Lidando com interrupções inesperadas com SQL Server

Handling unexpected outages with SQL Server

May 28, 2024 Roberto Magalhães

How can your database system help you overcome a catastrophic failure and get your business back on track as quickly as possible?

A catastrophic failure occurs. There is a backup, but you have some delay in extracting it from remote storage or cloud provider. You also need an available and experienced DBA, no matter the time, to handle this in the most seamless way possible. How can your database system help you overcome this and get your business back on track as quickly as possible?

Where do you start from?

Your company may have many different levels of criticality and the first step is to ask yourself some questions to identify where a failure could put you at risk. The two most important are: What are your limits for acceptable data loss and downtime? When is enough time for your company to get back up and running?

There are two concepts you can use to answer these questions: Recovery Point Objective (RPO) and Recovery Time Objective (RTO ).

RPO is the time when you want your data to be available – at least 2 minutes behind healthy records before failure, for example.

RTO is the SLA time for your company to return to operating within the RPO you defined. For example, you want service to be restored in a maximum of 3 minutes. Take a look at where your databases currently stand. Based on these answers, you can start planning your Business Continuity Plan.

Interruption Types

Understanding what types of outages your SQL Server may experience can help you choose the right infrastructure and resources to overcome them.

When something fails that affects just one server, such as OS failure, patch installation failure, RAM/CPU failure, disk failure, you need a High Availability solution to move your resources to.

Sometimes your problems are widespread, like network switches or SAN failures, natural disasters like fire, flood, power outage, and so many others. So, you need a disaster recovery solution, like moving your resources to another room or location in the data center, for example.

Database corruption can occur from SAN failures, SQL bugs which also need processes and plans to fix this corruption. Human errors include erroneous drops of tables or databases, updates without a where clause, and so on.

Characteristics

How SQL Server can help you get rid of interruptions? Here are the resources that will leverage the high availability of your business in a secure and robust way.

Backup and restore – Yes! The most basic part of data recovery must be taken into consideration! Make sure your backups meet your RPO and RTO and test them periodically. There are different types of backups, full, differential, transactional log and also file groups, which can bring your database online faster and in parts.

Replication – Copy and distribute data between databases on local or remote instances at scheduled intervals, with multiple directions and types available. Only replicate data, ideal for specific subsets and for sending/receiving data to/from specific locations such as store branches, distribution centers, etc.

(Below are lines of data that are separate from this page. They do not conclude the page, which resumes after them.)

lemma sum_power_pi_cnt_tau1_layer:
  fixes x :: real
  assumes "1 < i" "i < n"
  shows "(\<Sum>p \<in> tau1_layer n d r. x ^ pi_cnt d p i)
       = real (d choose r) * 2 ^ r * (real n - 3 + x) ^ (d - r)"
proof -
  define w where "w v = (if v = i then x else 1)" for v
  have "(\<Prod>j \<in> {1..d}. w (p j)) = x ^ pi_cnt d p i" for p :: "nat \<Rightarrow> nat"
  proof -
    have "(\<Prod>j \<in> {1..d}. w (p j)) = (\<Prod>j \<in> {1..d} \<inter> {j. p j = i}. x) * (\<Prod>j \<in> {1..d} \<inter> - {j. p j = i}. 1)"
      unfolding w_def by (rule prod.If_cases) simp
    also have "{1..d} \<inter> {j. p j = i} = {j \<in> {1..d}. p j = i}"
      by blast
    finally show ?thesis
      unfolding pi_cnt_def by simp
  qed
  moreover have "(\<Sum>v \<in> {2..<n}. w v) = real n - 3 + x"
  proof -
    have "(\<Sum>v \<in> {2..<n}. w v) = (\<Sum>v \<in> {2..<n}. 1 + (if v = i then x - 1 else 0))"
      unfolding w_def by (rule sum.cong) auto
    also have "\<dots> = real (n - 2) + (x - 1)"
      using assms by (simp add: sum.distrib)
    finally show ?thesis
      using assms by (simp add: of_nat_diff)
  qed
  moreover have "w 1 = 1" "w n = 1"
    using assms by (auto simp: w_def)
  ultimately show ?thesis
    using sum_prod_tau1_layer[of n w d r] assms by simp
qed

lemma card_le_exp_moment:
  fixes f :: "'a \<Rightarrow> nat" and x K :: real
  assumes "finite S" "T \<subseteq> S" "x > 0"
    and "\<And>p. p \<in> T \<Longrightarrow> 0 \<le> (real (f p) - K) * ln x"
  shows "real (card T) \<le> exp (- K * ln x) * (\<Sum>p \<in> S. x ^ f p)"
proof -
  have exp_eq: "exp ((real (f p) - K) * ln x) = exp (- K * ln x) * x ^ f p" for p
  proof -
    have "exp ((real (f p) - K) * ln x) = exp (- K * ln x) * exp (real (f p) * ln x)"
      by (simp add: algebra_simps flip: exp_add)
    also have "exp (real (f p) * ln x) = x ^ f p"
      using assms(3) by (simp add: exp_of_nat_mult)
    finally show ?thesis .
  qed
  have "real (card T) = (\<Sum>p \<in> T. 1)"
    by simp
  also have "\<dots> \<le> (\<Sum>p \<in> T. exp ((real (f p) - K) * ln x))"
    using assms(4) by (intro sum_mono) simp
  also have "\<dots> \<le> (\<Sum>p \<in> S. exp ((real (f p) - K) * ln x))"
    using assms(1,2) by (intro sum_mono2) auto
  also have "\<dots> = exp (- K * ln x) * (\<Sum>p \<in> S. x ^ f p)"
    by (simp add: exp_eq sum_distrib_left)
  finally show ?thesis .
qed

lemma power_le_exp_mult:
  fixes m y :: real
  assumes "m > 0" "m + y \<ge> 0"
  shows "(m + y) ^ k \<le> m ^ k * exp (real k * y / m)"
proof -
  have "m + y \<le> m * exp (y / m)"
    using exp_ge_add_one_self[of "y / m"] assms(1) by (simp add: field_simps)
  then have "(m + y) ^ k \<le> (m * exp (y / m)) ^ k"
    using assms(2) by (rule power_mono)
  also have "\<dots> = m ^ k * exp (real k * y / m)"
    by (simp add: power_mult_distrib flip: exp_of_nat_mult)
  finally show ?thesis .
qed

lemma card_pi_cnt_tail:
  fixes x K :: real
  assumes "n \<ge> 3" "1 < i" "i < n" "x > 0" "T \<subseteq> tau1_layer n d r"
    and "\<And>p. p \<in> T \<Longrightarrow> 0 \<le> (real (pi_cnt d p i) - K) * ln x"
  shows "real (card T) \<le> real (card (tau1_layer n d r))
           * exp (real (d - r) * (x - 1) / (real n - 2) - K * ln x)"
proof -
  have "real (card T) \<le> exp (- K * ln x) * (real (d choose r) * 2 ^ r * ((real n - 2) + (x - 1)) ^ (d - r))"
    using card_le_exp_moment[of _ T x "\<lambda>p. pi_cnt d p i" K, OF finite_tau1_layer assms(5,4,6)]
    by (simp add: sum_power_pi_cnt_tau1_layer[OF assms(2,3)] algebra_simps)
  also have "\<dots> \<le> exp (- K * ln x) * (real (d choose r) * 2 ^ r
                  * ((real n - 2) ^ (d - r) * exp (real (d - r) * (x - 1) / (real n - 2))))"
    using assms(1,4) by (intro mult_left_mono power_le_exp_mult) auto
  also have "\<dots> = real (card (tau1_layer n d r)) * exp (real (d - r) * (x - 1) / (real n - 2) - K * ln x)"
    using assms(1) by (simp add: card_tau1_layer algebra_simps flip: exp_add)
  finally show ?thesis .
qed

lemma ln_1_01_ge: "0.00994 \<le> ln (1.01 :: real)"
proof -
  have "exp (0.000994 :: real) \<le> 1 + 0.000994 + 0.000994 ^ 2"
    by (rule exp_bound) auto
  then have "exp (0.000994 :: real) ^ 10 \<le> (1 + 0.000994 + 0.000994 ^ 2) ^ 10"
    by (intro power_mono) auto
  moreover have "exp (0.000994 :: real) ^ 10 = exp 0.00994"
    by (simp flip: exp_of_nat_mult)
  moreover have "(1 + 0.000994 + (0.000994 :: real) ^ 2) ^ 10 \<le> 1.01"
    by (simp add: power_divide)
  ultimately have "exp (0.00994 :: real) \<le> 1.01"
    by linarith
  then show ?thesis
    by (subst ln_ge_iff) auto
qed

lemma ln_0_99_ge: "- 0.01006 \<le> ln (0.99 :: real)"
proof -
  have "1 \<le> (1 + 0.01006 + (0.01006 :: real) ^ 2 / 2) * 0.99"
    by (simp add: power2_eq_square)
  also have "\<dots> \<le> exp 0.01006 * 0.99"
    by (intro mult_right_mono exp_lower_Taylor_quadratic) auto
  finally have "exp (- 0.01006 :: real) \<le> 0.99"
    by (simp add: exp_minus field_simps)
  then show ?thesis
    by (subst ln_ge_iff) auto
qed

Log Shipping – Automated backup and restoration of the transactional log to another local or remote database, with read-only replicas available (Standby).

Always-ON FCI (Failover Clustered Instances) – A cluster of 2 or more servers with shared storage. When a node fails, all resources are moved to an available node. These nodes can be in the same datacenter or remote.

Always-ON Availability Groups – A cluster of standalone SQL instances with independent storage volumes where you can move groups of databases instead of the entire instance in case of failure. You can leverage a read-only secondary replica, backup offloading, and it can be asynchronous or synchronized. Ideal for mission-critical environments

Storage replication – Replication of volumes between servers or clusters, replicating disk blocks so that data can be moved between sites and SAN clusters

Virtual Machine Replication – Replication of virtual instances with the entire server as a snapshot, becoming fully functional VMs to bring your infrastructure back in a timely manner.

Investment

I started by saying that you must be aware of the criticality of your databases. The less RTO and RPO you need, the more you will have to invest in SQL resources and infrastructure to provide near-zero data loss. Well-defined criticalities will provide a scenario where you can invest more in what is most valuable.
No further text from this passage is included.